> [Exercise]:
Needed from the entries below: every line that holds the word "which".

[Records contained in a dataset]
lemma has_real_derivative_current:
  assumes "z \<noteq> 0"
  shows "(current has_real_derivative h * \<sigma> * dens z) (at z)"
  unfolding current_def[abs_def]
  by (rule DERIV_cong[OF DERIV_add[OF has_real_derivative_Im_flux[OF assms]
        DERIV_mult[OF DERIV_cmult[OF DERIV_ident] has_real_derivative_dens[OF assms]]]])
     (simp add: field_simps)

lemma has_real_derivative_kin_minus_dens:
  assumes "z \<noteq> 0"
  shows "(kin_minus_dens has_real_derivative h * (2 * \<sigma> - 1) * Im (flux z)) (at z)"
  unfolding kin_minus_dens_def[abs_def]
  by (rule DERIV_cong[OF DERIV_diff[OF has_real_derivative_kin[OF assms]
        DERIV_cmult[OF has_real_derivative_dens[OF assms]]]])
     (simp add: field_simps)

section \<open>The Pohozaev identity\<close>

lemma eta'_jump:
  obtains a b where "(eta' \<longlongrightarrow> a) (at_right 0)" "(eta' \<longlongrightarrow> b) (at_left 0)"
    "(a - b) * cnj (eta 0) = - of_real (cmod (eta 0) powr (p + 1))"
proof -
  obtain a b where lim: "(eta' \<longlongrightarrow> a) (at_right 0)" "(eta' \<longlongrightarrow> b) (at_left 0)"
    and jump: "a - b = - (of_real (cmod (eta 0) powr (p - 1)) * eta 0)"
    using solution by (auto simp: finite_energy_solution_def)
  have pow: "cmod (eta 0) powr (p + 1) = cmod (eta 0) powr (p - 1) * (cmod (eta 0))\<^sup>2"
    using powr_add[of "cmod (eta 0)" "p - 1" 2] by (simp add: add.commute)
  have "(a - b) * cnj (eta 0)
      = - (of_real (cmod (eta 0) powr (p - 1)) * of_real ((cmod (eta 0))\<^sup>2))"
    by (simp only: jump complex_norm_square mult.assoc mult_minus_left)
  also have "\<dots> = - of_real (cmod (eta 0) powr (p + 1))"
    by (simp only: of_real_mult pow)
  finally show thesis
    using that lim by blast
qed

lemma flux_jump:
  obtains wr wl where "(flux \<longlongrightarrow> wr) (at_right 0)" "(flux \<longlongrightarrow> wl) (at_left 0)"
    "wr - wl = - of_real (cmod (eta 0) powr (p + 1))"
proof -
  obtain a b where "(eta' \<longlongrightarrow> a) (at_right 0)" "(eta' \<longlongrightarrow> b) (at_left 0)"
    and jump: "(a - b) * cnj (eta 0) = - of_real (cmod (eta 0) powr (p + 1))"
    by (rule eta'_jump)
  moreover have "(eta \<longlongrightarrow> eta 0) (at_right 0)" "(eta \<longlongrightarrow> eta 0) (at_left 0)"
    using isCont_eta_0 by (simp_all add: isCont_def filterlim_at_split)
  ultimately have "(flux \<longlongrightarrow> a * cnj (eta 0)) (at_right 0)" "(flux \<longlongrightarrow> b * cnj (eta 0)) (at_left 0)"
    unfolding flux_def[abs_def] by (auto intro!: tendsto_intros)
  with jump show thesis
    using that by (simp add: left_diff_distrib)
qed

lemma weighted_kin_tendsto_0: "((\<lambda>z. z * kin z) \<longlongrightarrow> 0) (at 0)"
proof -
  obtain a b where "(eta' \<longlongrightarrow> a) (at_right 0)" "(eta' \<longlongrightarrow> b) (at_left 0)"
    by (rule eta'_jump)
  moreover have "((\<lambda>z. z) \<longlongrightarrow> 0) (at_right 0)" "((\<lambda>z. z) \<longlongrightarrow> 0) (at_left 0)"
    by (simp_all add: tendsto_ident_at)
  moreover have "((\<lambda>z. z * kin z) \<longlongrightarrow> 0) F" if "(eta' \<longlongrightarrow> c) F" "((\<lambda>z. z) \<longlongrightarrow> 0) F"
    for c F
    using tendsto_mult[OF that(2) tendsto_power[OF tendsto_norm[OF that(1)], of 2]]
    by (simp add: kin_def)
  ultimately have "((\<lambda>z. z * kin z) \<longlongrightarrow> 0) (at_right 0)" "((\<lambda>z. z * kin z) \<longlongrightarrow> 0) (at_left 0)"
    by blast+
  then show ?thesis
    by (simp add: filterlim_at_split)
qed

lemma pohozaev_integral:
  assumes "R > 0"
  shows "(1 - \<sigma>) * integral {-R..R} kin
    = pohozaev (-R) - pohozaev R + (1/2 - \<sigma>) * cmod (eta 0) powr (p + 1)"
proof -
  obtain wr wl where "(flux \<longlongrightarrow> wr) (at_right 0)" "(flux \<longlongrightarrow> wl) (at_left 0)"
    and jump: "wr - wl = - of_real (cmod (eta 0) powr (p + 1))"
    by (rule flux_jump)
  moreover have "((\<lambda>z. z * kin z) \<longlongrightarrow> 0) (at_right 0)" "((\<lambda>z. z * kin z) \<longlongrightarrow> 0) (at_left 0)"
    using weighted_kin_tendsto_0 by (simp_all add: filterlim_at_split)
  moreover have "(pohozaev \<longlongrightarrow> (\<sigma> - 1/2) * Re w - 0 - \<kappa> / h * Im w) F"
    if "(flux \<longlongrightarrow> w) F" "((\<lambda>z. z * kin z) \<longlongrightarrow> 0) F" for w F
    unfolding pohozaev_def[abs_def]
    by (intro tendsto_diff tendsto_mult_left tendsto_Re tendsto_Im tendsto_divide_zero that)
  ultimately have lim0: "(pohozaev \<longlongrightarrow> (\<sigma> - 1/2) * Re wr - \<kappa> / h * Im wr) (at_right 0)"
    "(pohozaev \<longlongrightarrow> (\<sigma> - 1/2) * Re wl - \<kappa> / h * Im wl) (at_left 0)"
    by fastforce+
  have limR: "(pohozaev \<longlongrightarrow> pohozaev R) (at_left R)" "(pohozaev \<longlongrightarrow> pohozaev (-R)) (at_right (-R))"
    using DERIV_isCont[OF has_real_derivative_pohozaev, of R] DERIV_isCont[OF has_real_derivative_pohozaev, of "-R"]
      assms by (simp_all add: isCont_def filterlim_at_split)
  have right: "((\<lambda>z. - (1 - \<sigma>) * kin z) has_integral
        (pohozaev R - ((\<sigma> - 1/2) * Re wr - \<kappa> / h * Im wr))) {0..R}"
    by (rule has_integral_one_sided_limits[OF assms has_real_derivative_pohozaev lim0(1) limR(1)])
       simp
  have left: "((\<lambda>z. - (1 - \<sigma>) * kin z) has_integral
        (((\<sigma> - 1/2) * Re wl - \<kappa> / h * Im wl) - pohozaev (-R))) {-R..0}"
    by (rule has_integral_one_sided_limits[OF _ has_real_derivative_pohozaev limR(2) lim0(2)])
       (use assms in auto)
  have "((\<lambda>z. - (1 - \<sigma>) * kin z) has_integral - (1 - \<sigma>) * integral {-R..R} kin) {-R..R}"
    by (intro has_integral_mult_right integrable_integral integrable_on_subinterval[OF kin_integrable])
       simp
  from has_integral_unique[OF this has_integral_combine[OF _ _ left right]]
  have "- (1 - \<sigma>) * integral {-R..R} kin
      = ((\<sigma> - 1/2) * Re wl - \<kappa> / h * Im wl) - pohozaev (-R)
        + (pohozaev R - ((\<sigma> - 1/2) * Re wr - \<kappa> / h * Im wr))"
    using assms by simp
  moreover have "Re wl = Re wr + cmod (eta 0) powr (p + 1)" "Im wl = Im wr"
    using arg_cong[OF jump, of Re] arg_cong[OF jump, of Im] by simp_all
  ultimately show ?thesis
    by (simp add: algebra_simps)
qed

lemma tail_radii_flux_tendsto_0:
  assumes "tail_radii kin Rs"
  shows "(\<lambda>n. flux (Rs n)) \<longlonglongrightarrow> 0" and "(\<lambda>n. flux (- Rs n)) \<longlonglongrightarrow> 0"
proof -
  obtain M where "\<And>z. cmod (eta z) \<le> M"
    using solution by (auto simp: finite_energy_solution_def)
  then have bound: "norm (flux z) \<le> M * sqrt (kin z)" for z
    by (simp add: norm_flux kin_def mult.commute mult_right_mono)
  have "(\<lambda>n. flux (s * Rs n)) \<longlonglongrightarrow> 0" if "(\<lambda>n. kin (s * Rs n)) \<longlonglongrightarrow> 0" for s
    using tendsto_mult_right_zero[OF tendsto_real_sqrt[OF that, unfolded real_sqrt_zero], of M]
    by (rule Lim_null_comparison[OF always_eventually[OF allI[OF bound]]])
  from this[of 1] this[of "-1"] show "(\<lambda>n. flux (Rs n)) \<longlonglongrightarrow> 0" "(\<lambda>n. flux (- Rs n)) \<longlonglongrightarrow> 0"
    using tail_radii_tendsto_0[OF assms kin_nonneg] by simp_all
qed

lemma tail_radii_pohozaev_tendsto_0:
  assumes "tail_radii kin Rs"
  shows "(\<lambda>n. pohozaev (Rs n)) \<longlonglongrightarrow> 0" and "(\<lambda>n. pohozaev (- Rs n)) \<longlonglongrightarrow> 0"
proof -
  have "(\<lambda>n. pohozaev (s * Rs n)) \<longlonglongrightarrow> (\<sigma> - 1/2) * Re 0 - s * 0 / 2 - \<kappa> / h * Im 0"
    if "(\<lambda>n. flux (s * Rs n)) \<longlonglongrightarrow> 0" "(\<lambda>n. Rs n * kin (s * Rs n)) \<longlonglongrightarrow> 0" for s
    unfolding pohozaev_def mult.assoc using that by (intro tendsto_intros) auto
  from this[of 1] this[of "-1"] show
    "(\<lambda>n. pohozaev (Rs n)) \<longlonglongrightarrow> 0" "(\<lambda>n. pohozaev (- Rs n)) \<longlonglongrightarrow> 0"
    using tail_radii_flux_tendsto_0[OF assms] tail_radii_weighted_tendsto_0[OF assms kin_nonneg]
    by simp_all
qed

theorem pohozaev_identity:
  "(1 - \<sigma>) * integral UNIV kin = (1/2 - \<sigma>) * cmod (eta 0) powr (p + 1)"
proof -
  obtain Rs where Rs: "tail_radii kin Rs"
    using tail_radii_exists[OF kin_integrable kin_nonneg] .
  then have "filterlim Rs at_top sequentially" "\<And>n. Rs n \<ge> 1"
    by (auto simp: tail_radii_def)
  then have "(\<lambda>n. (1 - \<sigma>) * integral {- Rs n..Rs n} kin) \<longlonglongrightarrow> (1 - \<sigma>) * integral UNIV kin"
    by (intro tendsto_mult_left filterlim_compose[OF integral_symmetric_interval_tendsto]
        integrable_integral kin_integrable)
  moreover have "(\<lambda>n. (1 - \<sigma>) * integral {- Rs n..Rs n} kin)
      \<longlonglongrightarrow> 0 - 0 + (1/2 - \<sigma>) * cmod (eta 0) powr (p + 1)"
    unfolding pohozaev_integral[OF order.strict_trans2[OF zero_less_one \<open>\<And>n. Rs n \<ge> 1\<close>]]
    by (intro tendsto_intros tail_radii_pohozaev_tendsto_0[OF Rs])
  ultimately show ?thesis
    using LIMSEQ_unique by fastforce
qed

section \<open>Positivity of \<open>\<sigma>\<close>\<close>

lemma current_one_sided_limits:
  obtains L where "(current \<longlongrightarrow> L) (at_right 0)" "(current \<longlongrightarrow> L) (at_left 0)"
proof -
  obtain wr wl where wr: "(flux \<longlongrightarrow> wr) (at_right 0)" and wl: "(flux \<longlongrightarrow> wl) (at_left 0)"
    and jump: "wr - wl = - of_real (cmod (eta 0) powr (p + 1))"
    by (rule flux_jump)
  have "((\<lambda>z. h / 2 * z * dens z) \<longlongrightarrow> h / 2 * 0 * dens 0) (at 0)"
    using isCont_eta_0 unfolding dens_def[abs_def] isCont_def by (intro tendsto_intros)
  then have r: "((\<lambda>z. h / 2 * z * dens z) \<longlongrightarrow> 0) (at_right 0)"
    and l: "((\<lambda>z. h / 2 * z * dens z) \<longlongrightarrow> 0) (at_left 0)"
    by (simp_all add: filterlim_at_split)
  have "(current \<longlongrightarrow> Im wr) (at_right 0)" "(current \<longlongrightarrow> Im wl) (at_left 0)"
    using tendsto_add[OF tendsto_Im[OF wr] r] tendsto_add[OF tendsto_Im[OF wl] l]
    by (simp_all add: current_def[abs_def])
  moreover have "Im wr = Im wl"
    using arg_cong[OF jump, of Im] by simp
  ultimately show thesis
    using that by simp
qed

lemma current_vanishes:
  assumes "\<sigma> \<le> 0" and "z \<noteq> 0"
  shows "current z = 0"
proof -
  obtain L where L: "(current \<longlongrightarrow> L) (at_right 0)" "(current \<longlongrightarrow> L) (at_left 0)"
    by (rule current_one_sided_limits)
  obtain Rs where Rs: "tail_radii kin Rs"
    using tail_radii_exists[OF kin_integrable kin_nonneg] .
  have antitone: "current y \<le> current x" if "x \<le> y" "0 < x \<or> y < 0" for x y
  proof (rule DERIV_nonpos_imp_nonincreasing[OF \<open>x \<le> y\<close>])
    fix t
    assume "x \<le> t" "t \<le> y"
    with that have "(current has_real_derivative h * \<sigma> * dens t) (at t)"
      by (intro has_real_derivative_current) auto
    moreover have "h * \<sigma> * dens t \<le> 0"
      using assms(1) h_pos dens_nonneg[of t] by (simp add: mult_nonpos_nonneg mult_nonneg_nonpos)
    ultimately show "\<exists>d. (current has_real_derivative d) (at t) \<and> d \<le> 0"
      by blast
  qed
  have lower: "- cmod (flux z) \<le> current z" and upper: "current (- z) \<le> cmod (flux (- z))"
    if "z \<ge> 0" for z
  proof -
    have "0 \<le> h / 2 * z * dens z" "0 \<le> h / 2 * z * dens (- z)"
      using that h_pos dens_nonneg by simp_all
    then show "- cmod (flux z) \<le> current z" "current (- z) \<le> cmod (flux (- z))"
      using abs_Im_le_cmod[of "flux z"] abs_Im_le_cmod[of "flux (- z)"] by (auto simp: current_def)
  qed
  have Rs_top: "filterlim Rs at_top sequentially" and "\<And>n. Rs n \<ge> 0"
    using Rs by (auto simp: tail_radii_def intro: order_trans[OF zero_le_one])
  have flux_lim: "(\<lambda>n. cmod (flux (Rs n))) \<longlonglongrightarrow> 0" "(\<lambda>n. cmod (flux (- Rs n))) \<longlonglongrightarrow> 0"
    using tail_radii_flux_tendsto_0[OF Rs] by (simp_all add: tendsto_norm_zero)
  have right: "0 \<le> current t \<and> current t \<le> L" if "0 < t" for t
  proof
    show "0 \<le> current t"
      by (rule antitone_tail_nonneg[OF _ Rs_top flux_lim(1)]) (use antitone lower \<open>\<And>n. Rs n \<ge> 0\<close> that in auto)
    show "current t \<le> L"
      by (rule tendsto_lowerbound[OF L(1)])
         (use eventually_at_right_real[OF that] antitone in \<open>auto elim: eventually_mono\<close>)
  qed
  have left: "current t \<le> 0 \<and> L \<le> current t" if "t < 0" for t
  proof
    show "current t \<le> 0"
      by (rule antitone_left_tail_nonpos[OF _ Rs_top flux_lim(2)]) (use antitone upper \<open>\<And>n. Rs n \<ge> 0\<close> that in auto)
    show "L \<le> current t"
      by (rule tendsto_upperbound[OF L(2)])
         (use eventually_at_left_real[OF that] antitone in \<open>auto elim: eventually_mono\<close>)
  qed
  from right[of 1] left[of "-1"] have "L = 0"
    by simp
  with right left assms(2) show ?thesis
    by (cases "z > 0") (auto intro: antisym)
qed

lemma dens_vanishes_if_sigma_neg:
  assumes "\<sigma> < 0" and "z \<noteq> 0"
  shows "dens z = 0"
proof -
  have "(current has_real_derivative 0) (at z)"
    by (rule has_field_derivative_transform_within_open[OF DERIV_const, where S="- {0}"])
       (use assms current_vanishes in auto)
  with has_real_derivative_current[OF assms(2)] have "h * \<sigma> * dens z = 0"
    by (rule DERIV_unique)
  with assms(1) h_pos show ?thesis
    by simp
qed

---

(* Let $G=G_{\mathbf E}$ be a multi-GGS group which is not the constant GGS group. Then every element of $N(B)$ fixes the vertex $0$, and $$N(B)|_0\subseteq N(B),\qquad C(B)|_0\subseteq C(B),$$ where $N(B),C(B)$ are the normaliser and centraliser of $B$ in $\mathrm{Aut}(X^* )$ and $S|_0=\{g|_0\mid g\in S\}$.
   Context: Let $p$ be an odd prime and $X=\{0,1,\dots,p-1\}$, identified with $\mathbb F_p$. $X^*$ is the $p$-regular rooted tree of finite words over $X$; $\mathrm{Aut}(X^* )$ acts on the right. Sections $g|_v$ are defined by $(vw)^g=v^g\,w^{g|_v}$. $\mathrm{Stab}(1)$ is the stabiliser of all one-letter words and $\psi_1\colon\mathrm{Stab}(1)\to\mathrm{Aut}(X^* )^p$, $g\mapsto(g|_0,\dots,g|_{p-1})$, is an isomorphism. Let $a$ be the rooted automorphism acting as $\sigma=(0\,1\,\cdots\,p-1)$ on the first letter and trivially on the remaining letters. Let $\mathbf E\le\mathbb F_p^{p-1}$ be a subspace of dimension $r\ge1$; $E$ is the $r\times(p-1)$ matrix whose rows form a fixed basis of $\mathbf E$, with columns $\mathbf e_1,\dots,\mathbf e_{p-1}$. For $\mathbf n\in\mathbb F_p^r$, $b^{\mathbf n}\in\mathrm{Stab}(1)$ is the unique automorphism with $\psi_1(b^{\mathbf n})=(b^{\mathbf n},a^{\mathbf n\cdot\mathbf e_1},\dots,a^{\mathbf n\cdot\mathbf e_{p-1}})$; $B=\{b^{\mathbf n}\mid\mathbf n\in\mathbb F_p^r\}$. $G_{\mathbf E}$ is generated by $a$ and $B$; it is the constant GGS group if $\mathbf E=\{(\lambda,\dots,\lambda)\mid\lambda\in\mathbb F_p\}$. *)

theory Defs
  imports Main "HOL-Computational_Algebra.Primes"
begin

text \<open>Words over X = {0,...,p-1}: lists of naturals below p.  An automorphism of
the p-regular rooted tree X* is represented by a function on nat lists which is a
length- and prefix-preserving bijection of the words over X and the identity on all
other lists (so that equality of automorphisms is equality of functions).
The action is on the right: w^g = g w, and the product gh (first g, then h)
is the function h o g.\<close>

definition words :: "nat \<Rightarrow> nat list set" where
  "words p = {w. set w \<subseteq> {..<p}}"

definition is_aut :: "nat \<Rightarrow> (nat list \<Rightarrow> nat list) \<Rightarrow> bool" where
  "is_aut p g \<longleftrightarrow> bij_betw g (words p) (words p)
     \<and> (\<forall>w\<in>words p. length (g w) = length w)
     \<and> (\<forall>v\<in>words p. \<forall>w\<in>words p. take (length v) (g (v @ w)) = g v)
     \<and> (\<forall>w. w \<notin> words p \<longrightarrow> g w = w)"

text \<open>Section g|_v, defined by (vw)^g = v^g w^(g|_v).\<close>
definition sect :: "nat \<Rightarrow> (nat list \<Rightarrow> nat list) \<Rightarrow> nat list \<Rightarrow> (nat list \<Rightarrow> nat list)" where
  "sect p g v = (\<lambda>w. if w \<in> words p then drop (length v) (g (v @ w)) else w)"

> [Answer box]:
(* Let $G=G_{\mathbf E}$ be a multi-GGS group which is not the constant GGS group. Then every element of $N(B)$ fixes the vertex $0$, and $$N(B)|_0\subseteq N(B),\qquad C(B)|_0\subseteq C(B),$$ where $N(B),C(B)$ are the normaliser and centraliser of $B$ in $\mathrm{Aut}(X^* )$ and $S|_0=\{g|_0\mid g\in S\}$.
the p-regular rooted tree X* is represented by a function on nat lists which is a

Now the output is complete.